How to Run Your Own Local LLM: Updated for 2024 — Version 2

Originally Published on HackerNoon

Thomas Cherickal
11 min read5 days ago

This is the breakout year for Generative AI!

Yes, this article’s been written by a violinist and there’s new content! Spectacular new and awesome content!

Well; to say the very least, this year, I’ve been spoiled for choice as to how to run an LLM Model locally.

Let’s start!

1) HuggingFace Transformers

Magic of Bing Image Creator — Very imaginative.

Hugging Face Transformers is a state-of-the-art machine learning library that provides easy access to a wide range of pre-trained models for Natural Language Processing (NLP), Computer Vision, Audio tasks, and more. It’s an open-source library developed by Hugging Face, a company that has built a strong community around machine learning and NLP.

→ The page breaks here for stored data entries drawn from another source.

lemma invertible_mat_inv_sqrt: "spd M \<Longrightarrow> invertible (mat_inv_sqrt M)"
  using matrix_inv_inverse[OF invertible_mat_sqrt] unfolding mat_inv_sqrt_def invertible_def by blast

lemma transpose_mat_sqrt_mult_inv_sqrt:
  fixes M :: "real^'n^'n"
  assumes "spd M"
  shows "transpose (mat_sqrt M) ** mat_inv_sqrt M = mat 1"
    and "transpose (mat_inv_sqrt M) ** mat_sqrt M = mat 1"
proof -
  have sym: "transpose (mat_sqrt M) = mat_sqrt M"
    using spd_mat_sqrt[OF assms] by (simp add: spd_def sym_mat_def)
  show 1: "transpose (mat_sqrt M) ** mat_inv_sqrt M = mat 1"
    using matrix_inv_inverse[OF invertible_mat_sqrt[OF assms]] by (simp add: sym mat_inv_sqrt_def)
  show "transpose (mat_inv_sqrt M) ** mat_sqrt M = mat 1"
    using arg_cong[OF 1, of transpose] by (simp add: matrix_transpose_mul sym)
qed

section \<open>The Moore--Penrose inverse and orthogonal projectors\<close>

definition penrose_conditions :: "real^'n^'m \<Rightarrow> real^'m^'n \<Rightarrow> bool" where
  "penrose_conditions A X \<longleftrightarrow> A ** X ** A = A \<and> X ** A ** X = X \<and>
     transpose (A ** X) = A ** X \<and> transpose (X ** A) = X ** A"

lemma penrose_conditions_unique:
  assumes X: "penrose_conditions A X" and Y: "penrose_conditions A Y"
  shows "X = Y"
proof -
  have x1: "A ** X ** A = A" and x2: "X ** A ** X = X" and x3: "transpose (A ** X) = A ** X"
    and x4: "transpose (X ** A) = X ** A" using X by (auto simp: penrose_conditions_def)
  have y1: "A ** Y ** A = A" and y2: "Y ** A ** Y = Y" and y3: "transpose (A ** Y) = A ** Y"
    and y4: "transpose (Y ** A) = Y ** A" using Y by (auto simp: penrose_conditions_def)
  have "transpose A = transpose (A ** Y ** A)" using y1 by simp
  also have "\<dots> = transpose A ** transpose (A ** Y)" by (simp add: matrix_transpose_mul)
  finally have AY: "transpose A = transpose A ** (A ** Y)" using y3 by simp
  have "transpose A = transpose (A ** X ** A)" using x1 by simp
  also have "\<dots> = transpose (X ** A) ** transpose A" by (simp add: matrix_transpose_mul matrix_mul_assoc)
  finally have XA: "transpose A = (X ** A) ** transpose A" using x4 by simp
  have "X = X ** transpose (A ** X)" using x2 x3 by (simp add: matrix_mul_assoc)
  also have "\<dots> = X ** transpose X ** transpose A" by (simp add: matrix_transpose_mul matrix_mul_assoc)
  also have "\<dots> = X ** transpose X ** (transpose A ** (A ** Y))" using AY by simp
  also have "\<dots> = X ** transpose (A ** X) ** (A ** Y)" by (simp add: matrix_transpose_mul matrix_mul_assoc)
  also have "\<dots> = X ** A ** Y" using x2 x3 by (simp add: matrix_mul_assoc)
  finally have XAY: "X = X ** A ** Y" .
  have "Y = transpose (Y ** A) ** Y" using y2 y4 by simp
  also have "\<dots> = transpose A ** transpose Y ** Y" by (simp add: matrix_transpose_mul)
  also have "\<dots> = (X ** A) ** transpose A ** transpose Y ** Y" using XA by simp
  also have "\<dots> = X ** A ** transpose (Y ** A) ** Y" by (simp add: matrix_transpose_mul matrix_mul_assoc)
  also have "\<dots> = X ** A ** (Y ** A ** Y)" using y4 by (simp add: matrix_mul_assoc)
  also have "\<dots> = X ** A ** Y" using y2 by simp
  finally show ?thesis using XAY by simp
qed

Here are some key features of Hugging Face Transformers:

  1. Pre-trained Models: Transformers provides APIs and tools to easily download and train state-of-the-art pre-trained models. Using these models can reduce your compute costs, carbon footprint, and save you the time and resources required to train a model from scratch.
  2. Multimodal Support: These models support common tasks in different modalities, such as text classification, named entity recognition, question answering, language modeling, summarization, translation, multiple choice, text generation for NLP; image classification, object detection, and segmentation for Computer Vision; automatic speech recognition and audio classification for Audio; and table question answering, optical character recognition, information extraction from scanned documents, video classification, and visual question answering for Multimodal tasks.
  3. Framework Interoperability: Transformers support framework interoperability between PyTorch, TensorFlow, and JAX. This provides the flexibility to use a different framework at each stage of a model’s life; train a model in one framework, and load it for inference in another.
  4. Community and Collaboration: Hugging Face has a strong community focus, with a Model Hub that serves as a bustling hub where users exchange and discover thousands of models and datasets, fostering a culture of collective innovation in NLP.
  5. Ease of Use: The Transformers library simplifies the machine learning journey, offering developers an efficient pathway to download, train, and seamlessly integrate machine learning models into their workflows.
  6. Diverse Datasets: The Datasets library functions as a comprehensive toolbox, offering diverse datasets for developers to train and test language models effortlessly.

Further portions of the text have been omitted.